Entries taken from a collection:
▽
lemma integral_drift_nonneg_limit:
  fixes \<phi> :: "nat \<Rightarrow> 'a \<Rightarrow> real" and d\<phi> :: "nat \<Rightarrow> 'i::finite \<Rightarrow> 'a \<Rightarrow> real"
    and w :: "'a \<Rightarrow> real" and G b :: "'i \<Rightarrow> 'a \<Rightarrow> real"
  assumes \<phi>: "\<And>k. square_integrable M (\<phi> k)" "\<And>k i. square_integrable M (d\<phi> k i)"
    and w: "square_integrable M w" "\<And>i. square_integrable M (G i)"
    and b: "\<And>i. b i \<in> borel_measurable M" "\<And>i. ae_bounded M (b i)"
    and lim_\<phi>: "(\<lambda>k. L2_seminorm M (\<lambda>x. \<phi> k x - w x)) \<longlonglongrightarrow> 0"
    and lim_d\<phi>: "\<And>i. (\<lambda>k. L2_seminorm M (\<lambda>x. d\<phi> k i x - G i x)) \<longlonglongrightarrow> 0"
    and nonneg: "\<And>k. 0 \<le> (\<integral>x. \<phi> k x * (\<Sum>i\<in>UNIV. b i x * d\<phi> k i x) \<partial>M)"
  shows "0 \<le> (\<integral>x. w x * (\<Sum>i\<in>UNIV. b i x * G i x) \<partial>M)"
proof -
  have int: "integrable M (\<lambda>x. f x * (b i x * g x))"
    if "square_integrable M f" "square_integrable M g" for f g i
  proof -
    obtain C where C: "AE x in M. \<bar>b i x\<bar> \<le> C"
      using b(2) unfolding ae_bounded_def by blast
    show ?thesis
      by (rule square_integrable_imp_integrable_mult[OF that(1)
            square_integrable_bounded_mult(1)[OF that(2) b(1) C]])
  qed
  have "(\<lambda>k. \<integral>x. \<phi> k x * (b i x * d\<phi> k i x) \<partial>M) \<longlonglongrightarrow> (\<integral>x. w x * (b i x * G i x) \<partial>M)" for i
  proof -
    have d\<phi>_i: "\<And>k. square_integrable M (d\<phi> k i)"
      using \<phi>(2) .
    show ?thesis
      by (rule tendsto_integral_weighted_product[OF \<phi>(1) w(1) d\<phi>_i w(2) b lim_\<phi> lim_d\<phi>])
  qed
  then have "(\<lambda>k. \<Sum>i\<in>UNIV. \<integral>x. \<phi> k x * (b i x * d\<phi> k i x) \<partial>M)
      \<longlonglongrightarrow> (\<Sum>i\<in>UNIV. \<integral>x. w x * (b i x * G i x) \<partial>M)"
    by (intro tendsto_sum)
  moreover have "(\<integral>x. \<phi> k x * (\<Sum>i\<in>UNIV. b i x * d\<phi> k i x) \<partial>M)
      = (\<Sum>i\<in>UNIV. \<integral>x. \<phi> k x * (b i x * d\<phi> k i x) \<partial>M)" for k
    unfolding sum_distrib_left by (intro Bochner_Integration.integral_sum int \<phi>)
  moreover have "(\<integral>x. w x * (\<Sum>i\<in>UNIV. b i x * G i x) \<partial>M)
      = (\<Sum>i\<in>UNIV. \<integral>x. w x * (b i x * G i x) \<partial>M)"
    unfolding sum_distrib_left by (intro Bochner_Integration.integral_sum int w)
  ultimately have "(\<lambda>k. \<integral>x. \<phi> k x * (\<Sum>i\<in>UNIV. b i x * d\<phi> k i x) \<partial>M)
      \<longlonglongrightarrow> (\<integral>x. w x * (\<Sum>i\<in>UNIV. b i x * G i x) \<partial>M)"
    by simp
  then show ?thesis
    by (rule LIMSEQ_le_const) (use nonneg in auto)
qed

lemma test_fun_drift_nonneg:
  fixes \<Omega> :: "(real^'d) set" and \<psi> :: "real^'d \<Rightarrow> real" and G\<psi> :: "real^'d \<Rightarrow> real^'d"
    and H\<psi> :: "real^'d \<Rightarrow> real^'d^'d" and \<phi> :: "real^'d \<Rightarrow> real"
  assumes \<Omega>: "\<Omega> \<in> sets lborel" "bounded \<Omega>" and \<psi>: "W2inf \<Omega> \<psi> G\<psi> H\<psi>"
    and lap: "AE x in lborel. x \<in> \<Omega> \<longrightarrow> (\<Sum>i\<in>UNIV. H\<psi> x $ i $ i) \<le> 0"
    and test: "test_fun \<Omega> \<phi>"
  shows "0 \<le> (LINT x:\<Omega>|lborel. \<phi> x * (G\<psi> x \<bullet> grad \<phi> x))"
proof -
  define M where "M = restrict_space lborel \<Omega>"
  have "Linfty \<Omega> (\<lambda>x. H\<psi> x $ i $ i)"
    and weak_div: "weak_partial \<Omega> (\<lambda>x. G\<psi> x $ i) i (\<lambda>x. H\<psi> x $ i $ i)" for i
    using \<psi> unfolding W2inf_def by blast+
  then have H\<psi>: "(\<lambda>x. H\<psi> x $ i $ i) \<in> borel_measurable M" "ae_bounded M (\<lambda>x. H\<psi> x $ i $ i)" for i
    unfolding M_def Linfty_iff_ae_bounded[OF \<Omega>(1)] by blast+
  have smooth: "smooth \<phi>"
    using test unfolding test_fun_def by blast
  have "0 \<le> (\<integral>x. \<phi> x * (\<Sum>i\<in>UNIV. G\<psi> x $ i * partial \<phi> i x) \<partial>M)"
  proof (rule integral_drift_nonneg_if_div_nonpos[where db = "\<lambda>i x. H\<psi> x $ i $ i"])
    show "(\<integral>x. G\<psi> x $ i * (2 * \<phi> x * partial \<phi> i x) \<partial>M)
        = - (\<integral>x. H\<psi> x $ i $ i * (\<phi> x * \<phi> x) \<partial>M)" for i
    proof -
      have "(LINT x:\<Omega>|lborel. G\<psi> x $ i * partial (\<lambda>x. \<phi> x * \<phi> x) i x)
          = - (LINT x:\<Omega>|lborel. H\<psi> x $ i $ i * (\<phi> x * \<phi> x))"
        using weak_div[of i] test_fun_square[OF test] unfolding weak_partial_def by blast
      then show ?thesis
        unfolding partial_square[OF smooth] M_def set_integral_eq_restrict_space[OF \<Omega>(1)] .
    qed
    show "AE x in M. (\<Sum>i\<in>UNIV. H\<psi> x $ i $ i) \<le> 0"
      using lap \<Omega>(1) unfolding M_def by (simp add: AE_restrict_space_iff)
  qed (use \<Omega> W2inf_grad_ae_bounded[OF \<Omega>(1) \<psi>] H\<psi> test_fun_ae_bounded[OF test \<Omega>(2)]
        finite_measure_restrict_bounded in \<open>auto simp: M_def\<close>)
  then show ?thesis
    unfolding M_def inner_vec_def inner_real_def grad_def set_integral_eq_restrict_space[OF \<Omega>(1)]
    by simp
qed

lemma H10_drift_nonneg:
  fixes \<Omega> :: "(real^'d) set" and \<psi> :: "real^'d \<Rightarrow> real" and G\<psi> :: "real^'d \<Rightarrow> real^'d"
    and H\<psi> :: "real^'d \<Rightarrow> real^'d^'d" and w :: "real^'d \<Rightarrow> real" and G :: "real^'d \<Rightarrow> real^'d"
  assumes \<Omega>: "\<Omega> \<in> sets lborel" "bounded \<Omega>" and \<psi>: "W2inf \<Omega> \<psi> G\<psi> H\<psi>"
    and lap: "AE x in lborel. x \<in> \<Omega> \<longrightarrow> (\<Sum>i\<in>UNIV. H\<psi> x $ i $ i) \<le> 0"
    and w: "H10 \<Omega> w G"
  shows "0 \<le> (LINT x:\<Omega>|lborel. w x * (G\<psi> x \<bullet> G x))"
proof -
  define M where "M = restrict_space lborel \<Omega>"
  interpret finite_measure M
    unfolding M_def using \<Omega> by (rule finite_measure_restrict_bounded)
  obtain \<phi> :: "nat \<Rightarrow> real^'d \<Rightarrow> real" where test: "\<And>k. test_fun \<Omega> (\<phi> k)"
    and lim_\<phi>: "(\<lambda>k. L2norm \<Omega> (\<lambda>x. \<phi> k x - w x)) \<longlonglongrightarrow> 0"
    and lim_grad: "(\<lambda>k. L2norm_vec \<Omega> (\<lambda>x. grad (\<phi> k) x - G x)) \<longlonglongrightarrow> 0"
    using w unfolding H10_def by blast
  have "L2 \<Omega> w" "L2 \<Omega> (\<lambda>x. G x $ i)" for i
    using w unfolding H10_def H1_def L2_vec_def by blast+
  then have w_sq: "square_integrable M w" and G_sq: "square_integrable M (\<lambda>x. G x $ i)" for i
    unfolding M_def L2_iff_square_integrable[OF \<Omega>(1)] by blast+
  note G\<psi> = W2inf_grad_ae_bounded[OF \<Omega>(1) \<psi>, folded M_def]
  note \<phi> = test_fun_ae_bounded[OF test \<Omega>(2), folded M_def]
  have \<phi>_sq: "square_integrable M (\<phi> k)" and d\<phi>_sq: "square_integrable M (partial (\<phi> k) i)" for k i
    using \<phi> by (simp_all add: square_integrable_ae_bounded)
  have test_nonneg: "0 \<le> (\<integral>x. \<phi> k x * (\<Sum>i\<in>UNIV. G\<psi> x $ i * partial (\<phi> k) i x) \<partial>M)" for k
    using test_fun_drift_nonneg[OF \<Omega> \<psi> lap test]
    unfolding M_def inner_vec_def inner_real_def grad_def set_integral_eq_restrict_space[OF \<Omega>(1)]
    by simp
  have lim_\<phi>_M: "(\<lambda>k. L2_seminorm M (\<lambda>x. \<phi> k x - w x)) \<longlonglongrightarrow> 0"
    using lim_\<phi> unfolding M_def L2norm_eq_L2_seminorm[OF \<Omega>(1)] .
  have lim_d\<phi>_M: "(\<lambda>k. L2_seminorm M (\<lambda>x. partial (\<phi> k) i x - G x $ i)) \<longlonglongrightarrow> 0" for i
  proof (rule tendsto_sandwich[OF _ _ tendsto_const lim_grad])
    have "L2_seminorm M (\<lambda>x. partial (\<phi> k) i x - G x $ i) \<le> L2norm_vec \<Omega> (\<lambda>x. grad (\<phi> k) x - G x)" for k
      using L2_seminorm_component_le_L2norm_vec[OF \<Omega>(1), of "\<lambda>x. grad (\<phi> k) x - G x" i]
        square_integrable_diff[OF d\<phi>_sq G_sq]
      unfolding M_def by (simp add: grad_def)
    then show "\<forall>\<^sub>F k in sequentially. L2_seminorm M (\<lambda>x. partial (\<phi> k) i x - G x $ i)
        \<le> L2norm_vec \<Omega> (\<lambda>x. grad (\<phi> k) x - G x)"
      by simp
  qed (simp add: L2_seminorm_nonneg)
  have "0 \<le> (\<integral>x. w x * (\<Sum>i\<in>UNIV. G\<psi> x $ i * G x $ i) \<partial>M)"
    by (rule integral_drift_nonneg_limit[where d\<phi> = "\<lambda>k i. partial (\<phi> k) i"
          and G = "\<lambda>i x. G x $ i" and b = "\<lambda>i x. G\<psi> x $ i",
          OF \<phi>_sq d\<phi>_sq w_sq G_sq G\<psi> lim_\<phi>_M lim_d\<phi>_M test_nonneg])
  then show ?thesis
    unfolding M_def inner_vec_def inner_real_def set_integral_eq_restrict_space[OF \<Omega>(1)] .
qed

theorem lemma7:
  fixes \<Omega> :: "(real^'d) set"
    and \<psi> :: "real^'d \<Rightarrow> real" and G\<psi> :: "real^'d \<Rightarrow> real^'d" and H\<psi> :: "real^'d \<Rightarrow> real^'d^'d"
    and \<tau> :: real and N :: nat
    and u :: "nat \<Rightarrow> real^'d \<Rightarrow> real" and Gu :: "nat \<Rightarrow> real^'d \<Rightarrow> real^'d"
  assumes dim: "CARD('d) \<le> 3"
    and dom: "bounded_polytopal_domain \<Omega>"
    and lip: "lipschitz_boundary \<Omega>"
    and psi: "W2inf \<Omega> \<psi> G\<psi> H\<psi>"
    and lap: "AE x in lborel. x \<in> \<Omega> \<longrightarrow> (\<Sum>i\<in>UNIV. H\<psi> x $ i $ i) \<le> 0"
    and tau: "\<tau> > 0"
    and u0: "Linfty \<Omega> (u 0)"
    and u0_nonneg: "AE x in lborel. x \<in> \<Omega> \<longrightarrow> u 0 x \<ge> 0"
    and uH: "\<And>n. n \<in> {1..N} \<Longrightarrow> H10 \<Omega> (u n) (Gu n)"
    and scheme: "\<And>n v Gv. n \<in> {1..N} \<Longrightarrow> H10 \<Omega> v Gv \<Longrightarrow>
        (LINT x:\<Omega>|lborel. u n x * v x)
        + \<tau> * ((LINT x:\<Omega>|lborel. Gu n x \<bullet> Gv x) + (LINT x:\<Omega>|lborel. u n x * (G\<psi> x \<bullet> Gv x)))
        = (LINT x:\<Omega>|lborel. u (n - 1) x * v x)"
  shows "\<forall>n\<in>{1..N}. (1/2) * (L2norm \<Omega> (u n))\<^sup>2
           \<le> (1/2) * (L2norm \<Omega> (u (n - 1)))\<^sup>2 - \<tau> * (L2norm_vec \<Omega> (Gu n))\<^sup>2"
proof
  fix n assume n: "n \<in> {1..N}"
  have \<Omega>: "\<Omega> \<in> sets lborel" "bounded \<Omega>"
    using dom unfolding bounded_polytopal_domain_def by (auto intro: borel_open)
  have un: "H10 \<Omega> (u n) (Gu n)"
    using uH[OF n] .
  then have L2_un: "L2 \<Omega> (u n)"
    unfolding H10_def H1_def by blast
  have L2_prev: "L2 \<Omega> (u (n - 1))"
  proof (cases "n = 1")
    case True
    then show ?thesis using Linfty_imp_L2[OF \<Omega> u0] by simp
  next
    case False
    with n have "n - 1 \<in> {1..N}" by auto
    then show ?thesis using uH unfolding H10_def H1_def by blast
  qed
  have "0 \<le> \<tau> * (LINT x:\<Omega>|lborel. u n x * (G\<psi> x \<bullet> Gu n x))"
    using tau H10_drift_nonneg[OF \<Omega> psi lap un] by simp
  moreover note scheme[OF n un]
  moreover have "(LINT x:\<Omega>|lborel. u (n - 1) x * u n x)
      \<le> (1/2) * (L2norm \<Omega> (u (n - 1)))\<^sup>2 + (1/2) * (L2norm \<Omega> (u n))\<^sup>2"
    by (rule set_integral_mult_le_L2norm_squares[OF \<Omega>(1) L2_prev L2_un])
  ultimately show "(1/2) * (L2norm \<Omega> (u n))\<^sup>2
      \<le> (1/2) * (L2norm \<Omega> (u (n - 1)))\<^sup>2 - \<tau> * (L2norm_vec \<Omega> (Gu n))\<^sup>2"
    unfolding L2norm_squared L2norm_vec_squared distrib_left by linarith
qed

end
△
### What the task asks
Which lines above hold the word "proof"? Copy each of them.

### Response to this task
proof -
  proof -
  proof -
proof -
  proof (rule integral_drift_nonneg_if_div_nonpos[where db = "\<lambda>i x. H\<psi> x $ i $ i"])
    proof -
proof -
  proof (rule tendsto_sandwich[OF _ _ tendsto_const lim_grad])
proof
  proof (cases "n = 1")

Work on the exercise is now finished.